Storage requirements are then halved, without requiring any special
reordering or move of values.
\end{itemize}
\end{itemize}
\subsection{NTT}
The \emph{Number Theoretic Transform} is the analog of the FFT, in the
finite field $\bZ_p$ of integers modulo a prime $p$.
$\phi = x^n+1$ will have roots in $\bZ_p$ if and only if $p = 1\bmod
2n$. The NTT, for an input
polynomial $f$ whose coefficients are integers modulo $p$, computes
$f(\omega) \bmod p$ for all roots $\omega$ of $\phi$ in $\bZ_p$.
Signature verification is naturally implemented modulo $q$; that
modulus is chosen precisely to be NTT-friendly:
$$q = 12289 = 1 + 12\cdot 2048.$$
Computations modulo $q$ can be implemented with pure 32-bit integer
arithmetics, avoiding divisions and branches, both being relatively
expensive. For instance, modular addition of \verb+x+ and \verb+y+
may use this function:
\begin{verbatim}
static inline uint32_t
mq_add(uint32_t x, uint32_t y, uint32_t q)
{
uint32_t d;
d = x + y - q;
return d + (q & -(d >> 31));
}
\end{verbatim}
This code snippet uses the fact that C guarantees operations on
\verb+uint32_t+ to be performed modulo $2^{32}$; since operands fits on
15 bits, the top bit of the intermediate value \verb+d+ will be \verb+1+
if and only if the subtraction of \verb+q+ yields a negative value.

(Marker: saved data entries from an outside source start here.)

(* Let $K$ be a field, $A\subset K$ and $B\subset K$ finite sets with $|A|=m$, $|B|=n$. Let $0\le p\le m$, $0\le q\le n$, set $d:=p+q$ and assume $\max\{m,n\}\le d\le m+n-1$. Set $k:=m+n-d-1$, $c:=(d-m)(n-q)+d-n$ and $e:=(d-m)(q+1)$. Then $$\operatorname{Syl}_{p,q}(A,B)=(-1)^c\binom{k}{n-q}\operatorname{Syl}_{0,k}(A,B)+(-1)^e\binom{k+1}{m-p}\operatorname{Syl}_{m,d-m}(A,B).$$
   Context: For finite sets $Y,Z$, $\mathcal{R}(Y,Z):=\prod_{y\in Y,z\in Z}(y-z)$ (equal to $1$ if $Y$ or $Z$ is empty), and $\mathcal{R}(x,Z):=\mathcal{R}(\{x\},Z)$. For $0\le p\le m$, $0\le q\le n$, $$\operatorname{Syl}_{p,q}(A,B)(x):=\sum_{\substack{A'\subset A,\ B'\subset B\\ |A'|=p,\ |B'|=q}}\mathcal{R}(A',B')\,\mathcal{R}(A\setminus A',B\setminus B')\,\frac{\mathcal{R}(x,A')\,\mathcal{R}(x,B')}{\mathcal{R}(A',A\setminus A')\,\mathcal{R}(B',B\setminus B')}.$$ *)

theory Defs
  imports "HOL-Computational_Algebra.Polynomial"
begin

definition Rprod :: "'a::field set \<Rightarrow> 'a set \<Rightarrow> 'a" where
  "Rprod Y Z = (\<Prod>y\<in>Y. \<Prod>z\<in>Z. (y - z))"

definition Rpoly :: "'a::field set \<Rightarrow> 'a poly" where
  "Rpoly Y = (\<Prod>y\<in>Y. [:- y, 1:])"

definition Syl :: "nat \<Rightarrow> nat \<Rightarrow> 'a::field set \<Rightarrow> 'a set \<Rightarrow> 'a poly" where
  "Syl p q A B =
     (\<Sum>A'\<in>{A'. A' \<subseteq> A \<and> card A' = p}. \<Sum>B'\<in>{B'. B' \<subseteq> B \<and> card B' = q}.
        smult (Rprod A' B' * Rprod (A - A') (B - B') /
               (Rprod A' (A - A') * Rprod B' (B - B')))
              (Rpoly A' * Rpoly B'))"

end

theory Submission
  imports Defs "HOL-Computational_Algebra.Polynomial_Factorial"
begin

text \<open>
  For disjoint \<open>A\<close> and \<open>B\<close> both sides are polynomials of degree at most \<open>p + q < |A| + |B|\<close>,
  so it suffices to compare them at the points of \<open>A \<union> B\<close>. At \<open>a \<in> A\<close> every term of
  \<open>Syl_{p,q}(A, B)\<close> with \<open>a \<in> A'\<close> vanishes, and what remains is \<open>R(a, B)\<close> times the top
  coefficient of \<open>Syl_{p,q}(A - {a}, B)\<close>; likewise at \<open>b \<in> B\<close>. These top coefficients are
  related to each other by comparing the coefficients of \<open>x^{p+q}\<close> in the identity for smaller
  sets and by the symmetry \<open>(A', B') \<mapsto> (A - A', B - B')\<close> of the weights, so the identity
  follows by induction on \<open>|A| + |B|\<close>.

  For arbitrary \<open>A\<close> and \<open>B\<close>, replace \<open>B\<close> by \<open>B + T\<close> in the field \<open>K(T)\<close>, where it is
  disjoint from \<open>A\<close>. All coefficients of \<open>Syl_{p,q}(A, B + T)\<close> lie in \<open>K[T]\<close>, and setting
  \<open>T = 0\<close> gives back \<open>Syl_{p,q}(A, B)\<close>.
\<close>

abbreviation ksubsets :: "nat \<Rightarrow> 'b set \<Rightarrow> 'b set set" where
  "ksubsets k X \<equiv> {Y. Y \<subseteq> X \<and> card Y = k}"

definition syl_weight :: "'a::field set \<Rightarrow> 'a set \<Rightarrow> 'a set \<Rightarrow> 'a set \<Rightarrow> 'a" where
  "syl_weight A B A' B' =
     Rprod A' B' * Rprod (A - A') (B - B') / (Rprod A' (A - A') * Rprod B' (B - B'))"

definition syl_lc :: "nat \<Rightarrow> nat \<Rightarrow> 'a::field set \<Rightarrow> 'a set \<Rightarrow> 'a" where
  "syl_lc p q A B = (\<Sum>A'\<in>ksubsets p A. \<Sum>B'\<in>ksubsets q B. syl_weight A B A' B')"

lemma Syl_eq_sum_syl_weight:
  "Syl p q A B = (\<Sum>A'\<in>ksubsets p A. \<Sum>B'\<in>ksubsets q B.
     smult (syl_weight A B A' B') (Rpoly A' * Rpoly B'))"
  unfolding Syl_def syl_weight_def ..

lemma finite_ksubsets [simp]: "finite X \<Longrightarrow> finite (ksubsets k X)"
  by (rule finite_subset[of _ "Pow X"]) auto

lemma ksubsets_empty: "finite X \<Longrightarrow> card X < k \<Longrightarrow> ksubsets k X = {}"
  by (auto dest: card_mono)

lemma Rprod_Un_left:
  "finite X \<Longrightarrow> finite Y \<Longrightarrow> X \<inter> Y = {} \<Longrightarrow> Rprod (X \<union> Y) Z = Rprod X Z * Rprod Y Z"
  unfolding Rprod_def by (rule prod.union_disjoint)

lemma Rprod_Un_right:
  "finite Y \<Longrightarrow> finite Z \<Longrightarrow> Y \<inter> Z = {} \<Longrightarrow> Rprod X (Y \<union> Z) = Rprod X Y * Rprod X Z"
  unfolding Rprod_def by (simp add: prod.union_disjoint prod.distrib)

lemma Rprod_commute:
  assumes "finite X" "finite Y"
  shows "Rprod Y X = (-1) ^ (card X * card Y) * Rprod X Y"
proof -
  have "Rprod Y X = (\<Prod>y\<in>Y. (-1) ^ card X * (\<Prod>x\<in>X. x - y))"
    unfolding Rprod_def by (simp flip: prod_constant prod.distrib)
  also have "\<dots> = (-1) ^ (card X * card Y) * (\<Prod>y\<in>Y. \<Prod>x\<in>X. x - y)"
    by (simp add: prod.distrib power_mult)
  also have "(\<Prod>y\<in>Y. \<Prod>x\<in>X. x - y) = Rprod X Y"
    unfolding Rprod_def by (rule prod.swap)
  finally show ?thesis .
qed

lemma Rprod_nonzero: "X \<inter> Y = {} \<Longrightarrow> Rprod X Y \<noteq> 0"
  unfolding Rprod_def
  by (cases "finite X"; cases "finite Y") (auto simp: prod_zero_iff)

lemma Rprod_singleton_mem: "finite X \<Longrightarrow> a \<in> X \<Longrightarrow> Rprod {a} X = 0"
  unfolding Rprod_def by (auto simp: prod_zero_iff)

lemma poly_Rpoly: "poly (Rpoly S) x = Rprod {x} S"
  unfolding Rpoly_def Rprod_def by (simp add: poly_prod)

lemma degree_Rpoly: "finite S \<Longrightarrow> degree (Rpoly S) = card S"
  unfolding Rpoly_def by (simp add: degree_prod_sum_eq)

lemma lead_coeff_Rpoly: "lead_coeff (Rpoly S) = 1"
  unfolding Rpoly_def by (simp add: lead_coeff_prod)

lemma Rpoly_mult_top:
  assumes "finite X" "finite Y"
  shows "degree (Rpoly X * Rpoly Y) = card X + card Y"
    and "coeff (Rpoly X * Rpoly Y) (card X + card Y) = 1"
proof -
  have "Rpoly X \<noteq> 0" "Rpoly Y \<noteq> 0"
    using lead_coeff_Rpoly by (metis leading_coeff_0_iff zero_neq_one)+
  then show deg: "degree (Rpoly X * Rpoly Y) = card X + card Y"
    by (simp add: degree_mult_eq degree_Rpoly assms)
  show "coeff (Rpoly X * Rpoly Y) (card X + card Y) = 1"
    using lead_coeff_mult[of "Rpoly X" "Rpoly Y"] by (simp add: deg lead_coeff_Rpoly)
qed

section \<open>Values and top coefficient of Sylvester sums\<close>

lemma degree_Syl_le: "finite A \<Longrightarrow> finite B \<Longrightarrow> degree (Syl p q A B) \<le> p + q"
  unfolding Syl_eq_sum_syl_weight
  by (intro degree_sum_le order_trans[OF degree_smult_le])
     (auto simp: Rpoly_mult_top(1) rev_finite_subset)

lemma coeff_Syl_top: "finite A \<Longrightarrow> finite B \<Longrightarrow> coeff (Syl p q A B) (p + q) = syl_lc p q A B"
  unfolding Syl_eq_sum_syl_weight syl_lc_def coeff_sum coeff_smult
  by (intro sum.cong refl) (metis (mono_tags) Rpoly_mult_top(2) finite_subset mem_Collect_eq mult_1_right)

lemma poly_Syl:
  "poly (Syl p q A B) x = (\<Sum>A'\<in>ksubsets p A. \<Sum>B'\<in>ksubsets q B.
     syl_weight A B A' B' * (Rprod {x} A' * Rprod {x} B'))"
  unfolding Syl_eq_sum_syl_weight by (simp add: poly_sum poly_Rpoly)
lemma consistency_bounds:
  assumes T2: "integrable M (\<lambda>\<omega>. (T 0 \<omega>)\<^sup>2)"
  shows "expectation (\<lambda>\<omega>. (frob d (norm_diff d n Xs S \<omega>))\<^sup>2)
           \<le> 4 * expectation (\<lambda>\<omega>. (T 0 \<omega>)\<^sup>2) / (real n * (fnorm d S)\<^sup>2)"
    and "\<And>e. 0 < e \<Longrightarrow> measure M {\<omega> \<in> space M. e < \<bar>specnorm d (norm_diff d n Xs S \<omega>)\<bar>}
           \<le> 4 * expectation (\<lambda>\<omega>. (T 0 \<omega>)\<^sup>2) / (real n * (fnorm d S)\<^sup>2 * e\<^sup>2)"
proof -
  define U where "U \<omega> = 4 * frob_error \<omega> / (fnorm d S)\<^sup>2" for \<omega>
  have fp: "0 < fnorm d S" by (rule fnorm_S_pos)
  have U_int: "integrable M U" unfolding U_def using frob_error_moment(1)[OF T2] by simp
  have U_meas: "U \<in> borel_measurable M" unfolding U_def using frob_error_measurable by measurable
  have U_nonneg: "0 \<le> U \<omega>" for \<omega> unfolding U_def using frob_error_nonneg[of \<omega>] by simp
  have EU: "expectation U \<le> 4 * expectation (\<lambda>\<omega>. (T 0 \<omega>)\<^sup>2) / (real n * (fnorm d S)\<^sup>2)"
    using frob_error_moment(2)[OF T2] fp unfolding U_def
    by (simp add: divide_right_mono field_simps)
  have "expectation (\<lambda>\<omega>. (frob d (norm_diff d n Xs S \<omega>))\<^sup>2) \<le> expectation U"
    by (rule integral_mono_AE'[OF U_int]) (use frob_norm_diff_squared_le U_nonneg in \<open>auto simp: U_def\<close>)
  thus "expectation (\<lambda>\<omega>. (frob d (norm_diff d n Xs S \<omega>))\<^sup>2)
           \<le> 4 * expectation (\<lambda>\<omega>. (T 0 \<omega>)\<^sup>2) / (real n * (fnorm d S)\<^sup>2)"
    using EU by linarith
  fix e :: real assume e: "0 < e"
  have "{\<omega> \<in> space M. e < \<bar>specnorm d (norm_diff d n Xs S \<omega>)\<bar>} \<subseteq> {\<omega> \<in> space M. e\<^sup>2 \<le> U \<omega>}"
  proof safe
    fix \<omega> assume "e < \<bar>specnorm d (norm_diff d n Xs S \<omega>)\<bar>"
    hence "e < frob d (norm_diff d n Xs S \<omega>)"
      using specnorm_nonneg[OF d_pos] specnorm_le_frob[OF d_pos] by (smt (verit))
    hence "e\<^sup>2 \<le> (frob d (norm_diff d n Xs S \<omega>))\<^sup>2" using e by (intro power_mono) auto
    thus "e\<^sup>2 \<le> U \<omega>" using frob_norm_diff_squared_le[of \<omega>] unfolding U_def by linarith
  qed
  hence "measure M {\<omega> \<in> space M. e < \<bar>specnorm d (norm_diff d n Xs S \<omega>)\<bar>}
      \<le> measure M {\<omega> \<in> space M. e\<^sup>2 \<le> U \<omega>}"
    by (intro measure_le_subset) (use U_meas in measurable)
  also have "\<dots> \<le> expectation U / e\<^sup>2" using U_int U_meas U_nonneg e by (intro Markov) auto
  also have "\<dots> \<le> 4 * expectation (\<lambda>\<omega>. (T 0 \<omega>)\<^sup>2) / (real n * (fnorm d S)\<^sup>2) / e\<^sup>2"
    using EU e by (intro divide_right_mono) auto
  finally show "measure M {\<omega> \<in> space M. e < \<bar>specnorm d (norm_diff d n Xs S \<omega>)\<bar>}
      \<le> 4 * expectation (\<lambda>\<omega>. (T 0 \<omega>)\<^sup>2) / (real n * (fnorm d S)\<^sup>2 * e\<^sup>2)"
    by simp
qed

abbreviation m2 :: real where "m2 \<equiv> expectation (\<lambda>\<omega>. (T 0 \<omega>)\<^sup>2)"
abbreviation m4 :: real where "m4 \<equiv> expectation (\<lambda>\<omega>. (T 0 \<omega>) ^ 4)"

(* Squared length as a measurable functional of one observation, so that T_i = sqlen(X_i)
   inherits identical distribution and independence. *)
definition sqlen :: "(nat \<Rightarrow> real) \<Rightarrow> real" where "sqlen v = (\<Sum>j<d. v j * v j)"

lemma sqlen_measurable: "sqlen \<in> borel_measurable (vecspace d)"
  unfolding sqlen_def by (intro borel_measurable_sum borel_measurable_times vector_coordinate_measurable) auto

lemma T_eq_sqlen: "T i \<omega> = sqlen (V i \<omega>)"
  by (simp add: sqlen_def vdot_def)

lemma gram_diag_eq_T: "gram d (\<lambda>i. Xs i \<omega>) i i = T i \<omega>"
  by (simp add: gram_def vdot_def)

lemma T_moments:
  assumes T2: "integrable M (\<lambda>\<omega>. (T 0 \<omega>)\<^sup>2)" and T4: "integrable M (\<lambda>\<omega>. (T 0 \<omega>) ^ 4)"
    and i: "i < n"
  shows "integrable M (\<lambda>\<omega>. (T i \<omega>)\<^sup>2)" "integrable M (\<lambda>\<omega>. (T i \<omega>) ^ 4)"
    "expectation (\<lambda>\<omega>. (T i \<omega>)\<^sup>2) = m2" "expectation (\<lambda>\<omega>. (T i \<omega>) ^ 4) = m4"
proof -
  have m2: "(\<lambda>v. (sqlen v)\<^sup>2) \<in> borel_measurable (vecspace d)" using sqlen_measurable by measurable
  have m4: "(\<lambda>v. (sqlen v) ^ 4) \<in> borel_measurable (vecspace d)" using sqlen_measurable by measurable
  show "integrable M (\<lambda>\<omega>. (T i \<omega>)\<^sup>2)" "integrable M (\<lambda>\<omega>. (T i \<omega>) ^ 4)"
    using functional_integrable[OF m2 i] functional_integrable[OF m4 i] T2 T4
    unfolding T_eq_sqlen by simp_all
  show "expectation (\<lambda>\<omega>. (T i \<omega>)\<^sup>2) = m2" "expectation (\<lambda>\<omega>. (T i \<omega>) ^ 4) = m4"
    using functional_integral[OF m2 i] functional_integral[OF m4 i] unfolding T_eq_sqlen by simp_all
qed

lemma T_expectation: "integrable M (T 0)" "expectation (T 0) = mtrace d S"
proof -
  show "integrable M (T 0)"
    unfolding vdot_def using sqint by (intro Bochner_Integration.integrable_sum) (simp add: power2_eq_square)
  have "expectation (T 0) = (\<Sum>j<d. expectation (\<lambda>\<omega>. Xs 0 \<omega> j * Xs 0 \<omega> j))"
    unfolding vdot_def using sqint by (subst Bochner_Integration.integral_sum) (auto simp: power2_eq_square)
  also have "\<dots> = mtrace d S" unfolding mtrace_def by (intro sum.cong refl) (simp add: S_def)
  finally show "expectation (T 0) = mtrace d S" .
qed

lemma trace_squared_le_m2:
  assumes T2: "integrable M (\<lambda>\<omega>. (T 0 \<omega>)\<^sup>2)"
  shows "(mtrace d S)\<^sup>2 \<le> m2"
proof -
  define f1 where "f1 = mtrace d S"
  have "0 \<le> expectation (\<lambda>\<omega>. (T 0 \<omega> - f1)\<^sup>2)" by simp
  also have "(\<lambda>\<omega>. (T 0 \<omega> - f1)\<^sup>2) = (\<lambda>\<omega>. ((T 0 \<omega>)\<^sup>2 - 2 * f1 * T 0 \<omega>) + f1\<^sup>2)"
    by (auto simp: fun_eq_iff power2_eq_square algebra_simps)
  finally show "f1\<^sup>2 \<le> m2" unfolding f1_def
    using T2 T_expectation by (simp add: prob_space power2_eq_square)
qed

lemma fourth_moment_bounds:
  assumes W4: "integrable M (\<lambda>\<omega>. ((T 0 \<omega> - mtrace d S) / fnorm d S) ^ 4)"
  shows "integrable M (\<lambda>\<omega>. (T 0 \<omega>) ^ 4)"
    and "m4 \<le> 8 * (mtrace d S) ^ 4
               + 8 * (fnorm d S) ^ 4 * expectation (\<lambda>\<omega>. ((T 0 \<omega> - mtrace d S) / fnorm d S) ^ 4)"
proof -
  define f1 f where "f1 = mtrace d S" and "f = fnorm d S"
  have fp: "0 < f" unfolding f_def by (rule fnorm_S_pos)
  define bound where "bound \<omega> = 8 * f1 ^ 4 + 8 * f ^ 4 * ((T 0 \<omega> - f1) / f) ^ 4" for \<omega>
  have pointwise: "(T 0 \<omega>) ^ 4 \<le> bound \<omega>" for \<omega>
  proof -
    define w where "w = (T 0 \<omega> - f1) / f"
    have "T 0 \<omega> = f1 + f * w" using fp by (simp add: w_def)
    hence "(T 0 \<omega>) ^ 4 \<le> 8 * (f1 ^ 4 + (f * w) ^ 4)" by (metis power4_add_le)
    thus ?thesis unfolding bound_def w_def[symmetric] by (simp add: power_mult_distrib ring_distribs mult.assoc)
  qed
  have bound_int: "integrable M bound" unfolding bound_def using W4 by (simp add: f1_def f_def)
  show T4: "integrable M (\<lambda>\<omega>. (T 0 \<omega>) ^ 4)"
  proof (rule Bochner_Integration.integrable_bound[OF bound_int])
    show "(\<lambda>\<omega>. (T 0 \<omega>) ^ 4) \<in> borel_measurable M" using T_measurable[OF n_pos] by measurable
    show "AE \<omega> in M. norm ((T 0 \<omega>) ^ 4) \<le> norm (bound \<omega>)"
    proof (rule AE_I2)
      fix \<omega>
      have "0 \<le> (T 0 \<omega>) ^ 4" by simp
      thus "norm ((T 0 \<omega>) ^ 4) \<le> norm (bound \<omega>)" using pointwise[of \<omega>] by simp
    qed
  qed
  have "m4 \<le> expectation bound" using T4 bound_int pointwise by (intro integral_mono) auto
  also have "expectation bound = 8 * f1 ^ 4 + 8 * f ^ 4 * expectation (\<lambda>\<omega>. ((T 0 \<omega> - f1) / f) ^ 4)"
    unfolding bound_def using W4 by (simp add: prob_space f1_def f_def)
  finally show "m4 \<le> 8 * (mtrace d S) ^ 4
               + 8 * (fnorm d S) ^ 4 * expectation (\<lambda>\<omega>. ((T 0 \<omega> - mtrace d S) / fnorm d S) ^ 4)"
    unfolding f1_def f_def .
qed

definition offdiag :: "'a \<Rightarrow> real" where
  "offdiag \<omega> = (\<Sum>i<n. \<Sum>l<n. if i = l then 0 else (gram d (\<lambda>i. Xs i \<omega>) i l)\<^sup>2)"

lemma gram_measurable: "i < n \<Longrightarrow> l < n \<Longrightarrow> (\<lambda>\<omega>. gram d (\<lambda>i. Xs i \<omega>) i l) \<in> borel_measurable M"
  unfolding gram_def by (intro borel_measurable_sum borel_measurable_times coordinate_measurable) auto

lemma offdiag_measurable: "offdiag \<in> borel_measurable M"
  unfolding offdiag_def
proof (intro borel_measurable_sum)
  fix i l assume "i \<in> {..<n}" "l \<in> {..<n}"
  thus "(\<lambda>\<omega>. if i = l then 0 else (gram d (\<lambda>i. Xs i \<omega>) i l)\<^sup>2) \<in> borel_measurable M"
    using gram_measurable[of i l] by (cases "i = l") auto
qed

(* For i <> l, independence gives E (X_i^T X_l)^2 = sum_{j,k} S_jk^2 = f^2. *)
lemma gram_offdiag_moment:
  assumes i: "i < n" and l: "l < n" and il: "i \<noteq> l"
  shows "integrable M (\<lambda>\<omega>. (gram d (\<lambda>i. Xs i \<omega>) i l)\<^sup>2)"
    and "expectation (\<lambda>\<omega>. (gram d (\<lambda>i. Xs i \<omega>) i l)\<^sup>2) = (fnorm d S)\<^sup>2"
proof -
  have expand: "(gram d (\<lambda>i. Xs i \<omega>) i l)\<^sup>2
      = (\<Sum>j<d. \<Sum>k<d. (Xs i \<omega> j * Xs i \<omega> k) * (Xs l \<omega> j * Xs l \<omega> k))" for \<omega>
    unfolding gram_def by (rule square_sum_products)
  have summand: "integrable M (\<lambda>\<omega>. (Xs i \<omega> j * Xs i \<omega> k) * (Xs l \<omega> j * Xs l \<omega> k))"
    "expectation (\<lambda>\<omega>. (Xs i \<omega> j * Xs i \<omega> k) * (Xs l \<omega> j * Xs l \<omega> k)) = (S j k)\<^sup>2"
    if jk: "j \<in> {..<d}" "k \<in> {..<d}" for j k
  proof -
    have jk': "j < d" "k < d" using jk by auto
    have ind: "indep_vars (\<lambda>_. borel) (\<lambda>m \<omega>. V m \<omega> j * V m \<omega> k) {i, l}"
      using functional_indep[OF product_measurable[OF jk'], of "{i, l}"] i l by simp
    have intm: "integrable M (\<lambda>\<omega>. V m \<omega> j * V m \<omega> k)" if "m \<in> {i, l}" for m
      using products_moment(1)[OF jk'] that i l jk' by auto
    have "expectation (\<lambda>\<omega>. \<Prod>m\<in>{i, l}. V m \<omega> j * V m \<omega> k)
        = (\<Prod>m\<in>{i, l}. expectation (\<lambda>\<omega>. V m \<omega> j * V m \<omega> k))"
      by (rule indep_vars_lebesgue_integral[OF _ ind intm]) auto
    moreover have "integrable M (\<lambda>\<omega>. \<Prod>m\<in>{i, l}. V m \<omega> j * V m \<omega> k)"
      by (rule indep_vars_integrable[OF _ ind intm]) auto
    ultimately show "integrable M (\<lambda>\<omega>. (Xs i \<omega> j * Xs i \<omega> k) * (Xs l \<omega> j * Xs l \<omega> k))"
      "expectation (\<lambda>\<omega>. (Xs i \<omega> j * Xs i \<omega> k) * (Xs l \<omega> j * Xs l \<omega> k)) = (S j k)\<^sup>2"
      using il jk' products_moment(2)[OF jk' i] products_moment(2)[OF jk' l]
      by (simp_all add: power2_eq_square)
  qed
  show "integrable M (\<lambda>\<omega>. (gram d (\<lambda>i. Xs i \<omega>) i l)\<^sup>2)"
    unfolding expand by (rule integrable_double_sum(1)) (rule summand(1))
  have "expectation (\<lambda>\<omega>. (gram d (\<lambda>i. Xs i \<omega>) i l)\<^sup>2)
      = (\<Sum>j<d. \<Sum>k<d. expectation (\<lambda>\<omega>. (Xs i \<omega> j * Xs i \<omega> k) * (Xs l \<omega> j * Xs l \<omega> k)))"
    unfolding expand by (rule integrable_double_sum(2)) (rule summand(1))
  also have "\<dots> = (fnorm d S)\<^sup>2" unfolding fnorm_S_squared using summand(2) by (intro sum.cong refl) auto
  finally show "expectation (\<lambda>\<omega>. (gram d (\<lambda>i. Xs i \<omega>) i l)\<^sup>2) = (fnorm d S)\<^sup>2" .
qed

lemma offdiag_nonneg: "0 \<le> offdiag \<omega>"
  unfolding offdiag_def by (intro sum_nonneg) auto

lemma offdiag_moment: "integrable M offdiag" "expectation offdiag \<le> (real n)\<^sup>2 * (fnorm d S)\<^sup>2"
proof -
  have summand: "integrable M (\<lambda>\<omega>. if i = l then 0 else (gram d (\<lambda>i. Xs i \<omega>) i l)\<^sup>2)"
    if "i \<in> {..<n}" "l \<in> {..<n}" for i l
    using gram_offdiag_moment(1)[of i l] that by (cases "i = l") auto
  show "integrable M offdiag" unfolding offdiag_def by (rule integrable_double_sum(1)) (rule summand)
  have "expectation offdiag
      = (\<Sum>i<n. \<Sum>l<n. expectation (\<lambda>\<omega>. if i = l then 0 else (gram d (\<lambda>i. Xs i \<omega>) i l)\<^sup>2))"
    unfolding offdiag_def by (rule integrable_double_sum(2)) (rule summand)
  also have "\<dots> \<le> (\<Sum>i<n. \<Sum>l<n. (fnorm d S)\<^sup>2)"
  proof (intro sum_mono)
    fix i l assume "i \<in> {..<n}" "l \<in> {..<n}"
    thus "expectation (\<lambda>\<omega>. if i = l then 0 else (gram d (\<lambda>i. Xs i \<omega>) i l)\<^sup>2) \<le> (fnorm d S)\<^sup>2"
      using gram_offdiag_moment(2)[of i l] by (cases "i = l") auto
  qed
  also have "\<dots> = (real n)\<^sup>2 * (fnorm d S)\<^sup>2" by (simp add: power2_eq_square)
  finally show "expectation offdiag \<le> (real n)\<^sup>2 * (fnorm d S)\<^sup>2" .
qed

For multiplications, Montgomery multiplication is effective:
\begin{verbatim}
static inline uint32_t
mq_montymul(uint32_t x, uint32_t y, uint32_t q, uint32_t q0i)
{
uint32_t z, w;
z = x * y;
w = ((z * q0i) & 0xFFFF) * q;
z = ((z + w) >> 16) - q;
return z + (q & -(z >> 31));
}
\end{verbatim}
The parameter \verb+q0i+ contains $1/q \bmod 2^{16}$, a value which can
be hardcoded since $q$ is also known at compile-time. Montgomery
multiplication, given $x$ and $y$, computes $xy/(2^{16}) \bmod q$. The
intermediate value \verb+z+ can be shown to be less than $2q$, which is
why a single conditional subtraction is sufficient.
Modular divisions are not needed for signature verification, but they
are handy for computing the public key $h$ from $f$ anf $g$, as part of
key pair generation. Inversion of $x$ modulo $q$ can be computed in
a number of ways; exponentation is straightforward:
$1/x = x^{q-2} \bmod q$. For $12289$, minimal addition
chains on the exponent yield the result in 18 Montgomery multiplications
(assuming input and output are in Montgomery representation).
Key pair generation may also use the NTT, modulo a number of small
primes $p_i$, and the branchless implementation techniques described
above. The choice of the size of such small moduli $p_i$ depends on
the abilities of the current architecture. The \falcon reference
implementation, that aims at portability, uses moduli $p_i$ which
are slightly below $2^{31}$, a choice which has some nice properties:
\begin{itemize}
\item Modular reductions after additions or subtractions can be
computed with pure 32-bit unsigned arithmetics.
\item Values may fit in the \emph{signed} \verb+int32_t+ type.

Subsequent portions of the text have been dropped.